How many lines in the records below contain "moreover"? Reply with the number alone.

[[ Data provided open ]]

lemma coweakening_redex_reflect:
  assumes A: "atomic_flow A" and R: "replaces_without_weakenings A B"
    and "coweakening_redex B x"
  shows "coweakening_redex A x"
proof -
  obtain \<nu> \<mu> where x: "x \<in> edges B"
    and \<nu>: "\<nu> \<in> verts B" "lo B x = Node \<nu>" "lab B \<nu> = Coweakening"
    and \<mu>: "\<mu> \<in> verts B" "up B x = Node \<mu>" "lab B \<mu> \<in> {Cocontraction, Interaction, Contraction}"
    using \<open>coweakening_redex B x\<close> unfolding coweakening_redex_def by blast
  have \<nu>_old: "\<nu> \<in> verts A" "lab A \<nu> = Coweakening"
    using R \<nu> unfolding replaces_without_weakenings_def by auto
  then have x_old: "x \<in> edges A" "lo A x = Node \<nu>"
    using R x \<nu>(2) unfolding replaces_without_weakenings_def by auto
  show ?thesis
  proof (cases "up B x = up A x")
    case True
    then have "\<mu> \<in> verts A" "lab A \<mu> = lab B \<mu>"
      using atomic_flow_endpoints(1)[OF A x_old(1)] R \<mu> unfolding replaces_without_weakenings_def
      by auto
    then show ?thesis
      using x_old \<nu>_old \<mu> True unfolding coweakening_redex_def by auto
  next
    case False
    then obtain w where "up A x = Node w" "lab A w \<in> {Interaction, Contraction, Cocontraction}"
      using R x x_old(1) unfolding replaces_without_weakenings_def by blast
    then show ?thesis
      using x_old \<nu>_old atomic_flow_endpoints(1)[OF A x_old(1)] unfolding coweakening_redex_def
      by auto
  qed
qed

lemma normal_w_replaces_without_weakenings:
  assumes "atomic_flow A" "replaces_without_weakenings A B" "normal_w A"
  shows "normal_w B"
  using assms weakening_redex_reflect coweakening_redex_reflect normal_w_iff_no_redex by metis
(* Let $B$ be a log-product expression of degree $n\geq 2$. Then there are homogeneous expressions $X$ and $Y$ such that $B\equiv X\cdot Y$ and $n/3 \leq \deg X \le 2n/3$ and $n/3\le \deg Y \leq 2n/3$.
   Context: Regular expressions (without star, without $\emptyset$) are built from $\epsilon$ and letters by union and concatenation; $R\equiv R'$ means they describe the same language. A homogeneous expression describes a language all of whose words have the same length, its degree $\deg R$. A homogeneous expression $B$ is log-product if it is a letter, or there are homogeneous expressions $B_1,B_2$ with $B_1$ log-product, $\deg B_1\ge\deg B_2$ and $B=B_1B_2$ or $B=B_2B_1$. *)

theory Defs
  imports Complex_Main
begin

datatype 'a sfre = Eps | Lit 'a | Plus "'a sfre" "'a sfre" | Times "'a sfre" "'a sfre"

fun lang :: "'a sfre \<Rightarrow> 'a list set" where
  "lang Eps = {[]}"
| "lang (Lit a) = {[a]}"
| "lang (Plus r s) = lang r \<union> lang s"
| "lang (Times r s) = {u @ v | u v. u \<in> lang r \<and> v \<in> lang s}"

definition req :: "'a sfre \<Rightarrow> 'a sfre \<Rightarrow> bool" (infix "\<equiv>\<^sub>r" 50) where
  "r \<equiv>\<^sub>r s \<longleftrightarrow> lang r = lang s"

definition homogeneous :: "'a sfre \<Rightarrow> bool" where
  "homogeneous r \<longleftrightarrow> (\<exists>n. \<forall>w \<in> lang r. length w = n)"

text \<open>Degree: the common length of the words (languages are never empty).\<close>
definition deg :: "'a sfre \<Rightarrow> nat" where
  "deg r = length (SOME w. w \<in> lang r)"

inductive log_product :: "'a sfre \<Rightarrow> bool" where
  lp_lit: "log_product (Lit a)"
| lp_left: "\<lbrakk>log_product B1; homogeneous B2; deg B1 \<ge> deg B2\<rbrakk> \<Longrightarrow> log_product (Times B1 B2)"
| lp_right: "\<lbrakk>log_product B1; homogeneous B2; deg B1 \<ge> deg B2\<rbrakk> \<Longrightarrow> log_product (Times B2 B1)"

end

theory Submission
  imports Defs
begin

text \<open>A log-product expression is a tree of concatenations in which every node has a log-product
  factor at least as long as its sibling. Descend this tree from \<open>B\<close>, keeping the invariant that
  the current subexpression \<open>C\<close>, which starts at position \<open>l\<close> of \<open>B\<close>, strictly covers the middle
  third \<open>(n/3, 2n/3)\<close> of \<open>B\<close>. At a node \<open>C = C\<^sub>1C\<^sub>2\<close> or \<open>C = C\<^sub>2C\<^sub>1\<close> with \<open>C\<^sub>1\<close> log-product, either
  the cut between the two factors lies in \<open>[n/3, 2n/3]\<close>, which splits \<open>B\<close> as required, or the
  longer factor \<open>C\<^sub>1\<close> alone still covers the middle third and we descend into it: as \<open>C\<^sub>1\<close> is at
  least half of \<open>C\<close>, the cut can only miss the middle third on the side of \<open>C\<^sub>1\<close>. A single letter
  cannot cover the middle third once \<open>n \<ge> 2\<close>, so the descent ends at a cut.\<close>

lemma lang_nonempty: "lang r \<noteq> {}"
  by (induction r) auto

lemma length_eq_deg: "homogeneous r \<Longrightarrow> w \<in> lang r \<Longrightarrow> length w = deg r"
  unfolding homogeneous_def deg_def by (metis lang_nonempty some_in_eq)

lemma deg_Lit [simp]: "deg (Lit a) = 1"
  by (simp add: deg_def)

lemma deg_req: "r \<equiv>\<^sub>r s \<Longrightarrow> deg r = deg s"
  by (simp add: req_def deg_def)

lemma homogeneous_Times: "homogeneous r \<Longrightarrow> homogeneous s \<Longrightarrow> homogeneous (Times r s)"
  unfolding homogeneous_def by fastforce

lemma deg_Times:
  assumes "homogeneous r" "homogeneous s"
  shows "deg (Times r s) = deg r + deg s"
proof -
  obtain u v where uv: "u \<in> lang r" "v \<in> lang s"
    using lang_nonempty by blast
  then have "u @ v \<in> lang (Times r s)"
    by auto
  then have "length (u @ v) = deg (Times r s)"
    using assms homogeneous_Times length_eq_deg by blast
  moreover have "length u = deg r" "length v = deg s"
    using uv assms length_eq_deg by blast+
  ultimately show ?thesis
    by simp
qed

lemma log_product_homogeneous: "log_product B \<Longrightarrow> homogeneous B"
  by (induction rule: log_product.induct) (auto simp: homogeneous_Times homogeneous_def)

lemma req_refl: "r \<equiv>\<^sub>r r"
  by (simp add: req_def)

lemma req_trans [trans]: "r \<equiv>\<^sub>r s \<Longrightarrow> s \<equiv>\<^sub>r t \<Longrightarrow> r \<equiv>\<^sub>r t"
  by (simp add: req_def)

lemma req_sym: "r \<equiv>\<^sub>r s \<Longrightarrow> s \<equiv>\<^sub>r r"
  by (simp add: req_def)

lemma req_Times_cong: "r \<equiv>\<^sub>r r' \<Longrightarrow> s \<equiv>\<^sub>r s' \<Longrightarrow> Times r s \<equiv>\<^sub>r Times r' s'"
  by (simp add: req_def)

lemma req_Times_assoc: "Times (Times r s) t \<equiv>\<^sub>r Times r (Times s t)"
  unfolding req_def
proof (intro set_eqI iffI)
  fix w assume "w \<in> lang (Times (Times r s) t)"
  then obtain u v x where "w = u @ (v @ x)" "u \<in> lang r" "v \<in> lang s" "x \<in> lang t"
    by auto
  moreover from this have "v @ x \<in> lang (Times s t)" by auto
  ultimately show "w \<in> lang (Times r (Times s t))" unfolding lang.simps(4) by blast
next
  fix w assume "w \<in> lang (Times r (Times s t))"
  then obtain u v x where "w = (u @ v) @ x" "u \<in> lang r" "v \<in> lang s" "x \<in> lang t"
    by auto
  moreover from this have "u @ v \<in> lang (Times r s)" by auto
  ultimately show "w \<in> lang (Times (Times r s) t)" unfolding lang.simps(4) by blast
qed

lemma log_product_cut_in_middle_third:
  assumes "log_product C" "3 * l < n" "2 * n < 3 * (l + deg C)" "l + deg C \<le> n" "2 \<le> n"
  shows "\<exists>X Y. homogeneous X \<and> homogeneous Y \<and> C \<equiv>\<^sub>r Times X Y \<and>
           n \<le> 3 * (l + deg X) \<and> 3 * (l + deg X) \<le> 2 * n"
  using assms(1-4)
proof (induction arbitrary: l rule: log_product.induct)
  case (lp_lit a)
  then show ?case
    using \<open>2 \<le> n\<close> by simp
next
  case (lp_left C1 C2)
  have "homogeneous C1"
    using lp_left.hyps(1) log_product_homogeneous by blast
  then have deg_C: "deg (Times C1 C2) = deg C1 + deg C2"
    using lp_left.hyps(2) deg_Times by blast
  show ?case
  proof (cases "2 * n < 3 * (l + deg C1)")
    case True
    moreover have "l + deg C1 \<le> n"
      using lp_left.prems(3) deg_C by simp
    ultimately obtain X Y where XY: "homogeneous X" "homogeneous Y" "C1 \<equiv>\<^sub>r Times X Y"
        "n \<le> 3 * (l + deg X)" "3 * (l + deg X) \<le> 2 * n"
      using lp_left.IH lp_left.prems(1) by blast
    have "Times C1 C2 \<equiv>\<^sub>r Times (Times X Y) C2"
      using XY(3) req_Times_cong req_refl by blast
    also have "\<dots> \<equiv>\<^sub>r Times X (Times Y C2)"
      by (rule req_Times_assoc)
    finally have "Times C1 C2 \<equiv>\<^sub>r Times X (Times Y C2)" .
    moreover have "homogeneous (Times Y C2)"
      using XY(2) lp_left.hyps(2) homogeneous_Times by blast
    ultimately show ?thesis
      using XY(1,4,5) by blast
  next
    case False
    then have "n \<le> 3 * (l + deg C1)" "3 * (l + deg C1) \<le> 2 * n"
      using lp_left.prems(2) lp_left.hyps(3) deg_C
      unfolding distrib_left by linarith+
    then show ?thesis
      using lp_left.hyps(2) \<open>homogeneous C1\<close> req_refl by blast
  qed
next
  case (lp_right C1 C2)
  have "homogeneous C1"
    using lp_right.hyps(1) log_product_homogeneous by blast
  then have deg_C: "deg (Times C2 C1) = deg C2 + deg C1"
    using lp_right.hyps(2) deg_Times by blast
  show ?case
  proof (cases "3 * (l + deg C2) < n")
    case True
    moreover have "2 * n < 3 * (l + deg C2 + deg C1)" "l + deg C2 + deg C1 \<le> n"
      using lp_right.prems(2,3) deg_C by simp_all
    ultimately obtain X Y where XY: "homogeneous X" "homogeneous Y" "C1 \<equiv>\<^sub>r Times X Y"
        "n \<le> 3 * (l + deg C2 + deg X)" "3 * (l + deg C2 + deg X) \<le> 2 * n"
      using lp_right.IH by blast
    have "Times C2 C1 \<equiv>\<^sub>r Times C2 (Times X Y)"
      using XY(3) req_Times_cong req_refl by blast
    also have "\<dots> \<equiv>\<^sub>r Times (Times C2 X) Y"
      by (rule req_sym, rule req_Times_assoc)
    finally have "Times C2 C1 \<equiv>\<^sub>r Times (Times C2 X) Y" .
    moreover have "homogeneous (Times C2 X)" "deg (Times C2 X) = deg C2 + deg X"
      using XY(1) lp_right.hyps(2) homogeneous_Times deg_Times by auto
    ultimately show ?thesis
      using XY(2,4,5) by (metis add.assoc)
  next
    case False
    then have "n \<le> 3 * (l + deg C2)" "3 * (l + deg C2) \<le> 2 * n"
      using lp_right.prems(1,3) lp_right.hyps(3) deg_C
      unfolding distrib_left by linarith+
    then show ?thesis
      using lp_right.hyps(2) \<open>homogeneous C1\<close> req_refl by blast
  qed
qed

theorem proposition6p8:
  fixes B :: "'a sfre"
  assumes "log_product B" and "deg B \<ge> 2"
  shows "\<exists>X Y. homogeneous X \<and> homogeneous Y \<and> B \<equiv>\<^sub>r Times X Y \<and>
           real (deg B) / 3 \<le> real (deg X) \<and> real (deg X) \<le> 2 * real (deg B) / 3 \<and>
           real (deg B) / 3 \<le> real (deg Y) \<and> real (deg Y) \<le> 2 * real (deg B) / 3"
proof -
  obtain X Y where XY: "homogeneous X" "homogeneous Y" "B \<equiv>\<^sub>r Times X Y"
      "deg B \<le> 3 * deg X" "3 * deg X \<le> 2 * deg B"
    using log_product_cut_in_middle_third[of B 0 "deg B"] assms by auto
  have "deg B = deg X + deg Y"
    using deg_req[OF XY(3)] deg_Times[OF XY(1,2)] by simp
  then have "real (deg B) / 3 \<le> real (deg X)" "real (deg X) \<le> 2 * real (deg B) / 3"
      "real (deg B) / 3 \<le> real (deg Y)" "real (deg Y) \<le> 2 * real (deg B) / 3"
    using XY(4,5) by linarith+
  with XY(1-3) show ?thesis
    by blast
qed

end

[[ Data provided closed ]]

_Answer section:_ 7